But should purity (no side-effects) really be construed as a type-system benefit? It seems one could just use e.g. a pure subset of scheme (or some other language with at least one-shot continuations), and only allow side-effects in the scheduler code.

[note: this is not a statement about the usefulness of static typing - just about how this system is tied to it]



I also find it ironic that they use a pure functional language to allow an imperative style.

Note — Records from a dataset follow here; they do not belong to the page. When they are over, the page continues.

text \<open>Along any BNN solution the potential \<open>V = \<bar>k\<bar>\<^sup>2/2\<close> of the excess payoffs \<open>k\<close>, with total
  \<open>K = \<Sum>k\<^sub>i\<close>, changes at the rate \<open>k\<bullet>Uk - 2K\<bar>k\<bar>\<^sup>2 - K x\<bullet>Uk\<close>, for every payoff matrix \<open>U\<close>.
  For \<open>U\<^sub>0\<close> the fourth strategy never has positive excess on the simplex, and the payoff gaps of
  the first three strategies sum to three times that of the fourth, so one of \<open>k\<^sub>1, k\<^sub>2, k\<^sub>3\<close>
  vanishes. In coordinates the rate is \<open>(1-\<epsilon>)/6 \<Sum>(k\<^sub>i - k\<^sub>j)\<^sup>2\<close> plus terms bounded by
  a multiple of \<open>\<delta> (max k\<^sub>i)\<^sup>2\<close>, where \<open>\<delta>\<close> bounds the distance of \<open>x\<close> from the diagonal
  \<open>x\<^sub>1 = x\<^sub>2 = x\<^sub>3\<close> (which also bounds every \<open>k\<^sub>i\<close>). Since some \<open>k\<^sub>i\<close> vanishes,
  \<open>\<Sum>(k\<^sub>i - k\<^sub>j)\<^sup>2 \<ge> (max k\<^sub>i)\<^sup>2\<close>, so the rate is positive for \<open>\<delta> \<le> (1-\<epsilon>)/200\<close> unless
  \<open>k = 0\<close>; and near the diagonal the Nash equilibria (\<open>k = 0\<close>) are exactly the points of \<open>E\<^sub>0\<close>.\<close>

definition payoff_gap :: "real^'n^'n \<Rightarrow> real^'n \<Rightarrow> 'n \<Rightarrow> real" where
  "payoff_gap U y i = (U *v y) $ i - y \<bullet> (U *v y)"

lemma bnn_k_eq_max_payoff_gap: "bnn_k U y i = max 0 (payoff_gap U y i)"
  by (simp add: bnn_k_def payoff_gap_def)

lemma payoff_gap_weighted_sum:
  fixes U :: "real^'n^'n"
  assumes "(\<Sum>i\<in>UNIV. y $ i) = 1"
  shows "(\<Sum>i\<in>UNIV. y $ i * payoff_gap U y i) = 0"
  using assms
  by (simp add: payoff_gap_def right_diff_distrib sum_subtractf inner_vec_def
      flip: sum_distrib_right)

lemma has_real_derivative_payoff_gap:
  fixes U :: "real^'n^'n" and x :: "real \<Rightarrow> real^'n"
  assumes "(x has_vector_derivative F) (at t within I)"
  shows "((\<lambda>s. payoff_gap U (x s) i) has_real_derivative
           (U *v F) $ i - (F \<bullet> (U *v x t) + x t \<bullet> (U *v F))) (at t within I)"
proof -
  have dx: "(x has_derivative (\<lambda>h. h *\<^sub>R F)) (at t within I)"
    using assms by (simp add: has_vector_derivative_def)
  note dUx = bounded_linear.has_derivative[OF matrix_vector_mul_bounded_linear dx, of U]
  have "((\<lambda>s. payoff_gap U (x s) i) has_derivative
      (\<lambda>h. (U *v (h *\<^sub>R F)) $ i - (x t \<bullet> (U *v (h *\<^sub>R F)) + (h *\<^sub>R F) \<bullet> (U *v x t)))) (at t within I)"
    unfolding payoff_gap_def by (intro has_derivative_diff has_derivative_inner dx dUx
        bounded_linear.has_derivative[OF bounded_linear_vec_nth dUx])
  then show ?thesis
    by (rule has_derivative_imp_has_field_derivative)
       (simp add: matrix_vector_mult_scaleR algebra_simps inner_commute)
qed

lemma has_real_derivative_pos_part_sq:
  "((\<lambda>u::real. (max 0 u)\<^sup>2) has_real_derivative 2 * max 0 u) (at u)"
proof -
  consider "u > 0" | "u < 0" | "u = 0" by linarith
  then show ?thesis
  proof cases
    case 1
    have "((\<lambda>u::real. u\<^sup>2) has_real_derivative 2 * max 0 u) (at u)"
      using 1 by (auto intro!: derivative_eq_intros)
    then show ?thesis
      by (rule has_field_derivative_transform_within_open[where S="{0<..}"]) (use 1 in auto)
  next
    case 2
    have "((\<lambda>u::real. 0) has_real_derivative 2 * max 0 u) (at u)"
      using 2 by (auto intro!: derivative_eq_intros)
    then show ?thesis
      by (rule has_field_derivative_transform_within_open[where S="{..<0}"]) (use 2 in auto)
  next
    case 3
    have "((\<lambda>y::real. (max 0 y)\<^sup>2 / y) \<longlongrightarrow> 0) (at 0)"
    proof (rule Lim_null_comparison)
      show "\<forall>\<^sub>F y in at 0. norm ((max 0 y)\<^sup>2 / y) \<le> \<bar>y\<bar>"
        by (intro always_eventually allI) (auto simp: max_def power2_eq_square abs_mult divide_simps)
      show "((\<lambda>y::real. \<bar>y\<bar>) \<longlongrightarrow> 0) (at 0)"
        using tendsto_rabs_zero[OF tendsto_ident_at[of 0 UNIV]] by simp
    qed
    then show ?thesis using 3 by (simp add: has_field_derivative_iff)
  qed
qed

definition bnn_potential_rate :: "real^4^4 \<Rightarrow> real^4 \<Rightarrow> real" where
  "bnn_potential_rate U y =
     (let k = \<chi> i. bnn_k U y i; K = \<Sum>j\<in>UNIV. bnn_k U y j
      in k \<bullet> (U *v k) - 2 * K * (k \<bullet> k) - K * (y \<bullet> (U *v k)))"

lemma bnn_excess_inner_self:
  fixes U :: "real^4^4" and y :: "real^4"
  defines "k \<equiv> \<chi> i. bnn_k U y i"
  shows "k \<bullet> k = k \<bullet> (U *v y) - (\<Sum>j\<in>UNIV. bnn_k U y j) * (y \<bullet> (U *v y))"
proof -
  have "k $ i * k $ i = k $ i * ((U *v y) $ i - y \<bullet> (U *v y))" for i
    by (simp add: k_def bnn_k_def max_def)
  then show ?thesis
    by (simp add: inner_vec_def k_def sum_distrib_right right_diff_distrib sum_subtractf)
qed

lemma bnn_potential_derivative:
  fixes U :: "real^4^4" and x :: "real \<Rightarrow> real^4"
  assumes dx: "(x has_vector_derivative bnn_field U (x t)) (at t within I)"
  shows "((\<lambda>s. 1/2 * (\<Sum>i\<in>UNIV. (bnn_k U (x s) i)\<^sup>2)) has_real_derivative
           bnn_potential_rate U (x t)) (at t within I)"
proof -
  define k where "k = (\<chi> i. bnn_k U (x t) i)"
  define K where "K = (\<Sum>j\<in>UNIV. bnn_k U (x t) j)"
  define y where "y = x t"
  define F where "F = bnn_field U y"
  define c where "c = F \<bullet> (U *v y) + y \<bullet> (U *v F)"
  have F: "F = k - K *\<^sub>R y"
    by (simp add: F_def bnn_field_def k_def K_def y_def vec_eq_iff)
  have "((\<lambda>s. (bnn_k U (x s) i)\<^sup>2) has_real_derivative 2 * k $ i * ((U *v F) $ i - c))
          (at t within I)" for i
    using DERIV_chain2[OF has_real_derivative_pos_part_sq
        has_real_derivative_payoff_gap[OF dx, of U i]]
    by (simp add: bnn_k_eq_max_payoff_gap k_def c_def F_def y_def)
  then have "((\<lambda>s. 1/2 * (\<Sum>i\<in>UNIV. (bnn_k U (x s) i)\<^sup>2)) has_real_derivative
           1/2 * (\<Sum>i\<in>UNIV. 2 * k $ i * ((U *v F) $ i - c))) (at t within I)"
    by (intro DERIV_cmult DERIV_sum)
  moreover have "1/2 * (\<Sum>i\<in>UNIV. 2 * k $ i * ((U *v F) $ i - c)) = k \<bullet> (U *v F) - K * c"
    by (simp add: inner_vec_def K_def k_def right_diff_distrib sum_subtractf sum_distrib_right
        sum_distrib_left mult.assoc)
  moreover have "k \<bullet> (U *v F) - K * c = k \<bullet> (U *v k) - 2 * K * (k \<bullet> k) - K * (y \<bullet> (U *v k))"
  proof -
    have "k \<bullet> (U *v y) = k \<bullet> k + K * (y \<bullet> (U *v y))"
      using bnn_excess_inner_self[of U y] by (simp add: k_def K_def y_def)
    then show ?thesis
      by (simp add: F c_def matrix_vector_mult_diff_distrib matrix_vector_mult_scaleR
          inner_diff_left inner_diff_right algebra_simps)
  qed
  moreover have "bnn_potential_rate U y = k \<bullet> (U *v k) - 2 * K * (k \<bullet> k) - K * (y \<bullet> (U *v k))"
    by (simp add: bnn_potential_rate_def k_def K_def y_def Let_def)
  ultimately show ?thesis by (simp only: y_def)
qed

Perhaps this just reflects the necessity of ordering for useable concurrency.

Starting with purity and

Starting with purity and using something akin to a monadic typing discipline ("all effects take place via a monad which shows up in the type of the result values") allows precise control of which side-effects are possible when. So being able to mix purity and impurity effectively without blurring the boundaries is indeed a type system benefit.

How does yield work?

I found this article very interesting...

It seems to me that the functionally pure code that lies "between" the system calls are lazy thunks, which would get evaluated at the time the system call requires the values. Is this right?

If so, how would the yield primitive work? What forces the evaluation of the pure code that lies between a pair of yield syscalls in the trace stream?

the scheduler I'd think.

I'd think it'd be the scheduler that forces the evaluation.

Continuation-Value duality

Everytime I see this paper or look at it, I immediately think of Olin Shiver's Continuations and Threads: Expressing Machine Concurrency Directly in Advanced Languages (PS) and that essentially, down at the bottom, the continuation-value duality (or the duality induced by the not operator) is where Lauer and Needham's duality comes from. I have the beginnings of some half-baked ideas on how.

[edit]
Hmm, this line:

The relationship between threads and events can be made
explicit using a continuation-passing style (CPS) translation
[3].

suggests Andrew Appel already did this in Compiling with Continuations.

Paper has moved

Now here.

Paper missing

Seems that link is now also dead.

I found an older (?) paper here:

A Language-based Approach to Unifying Events and Threads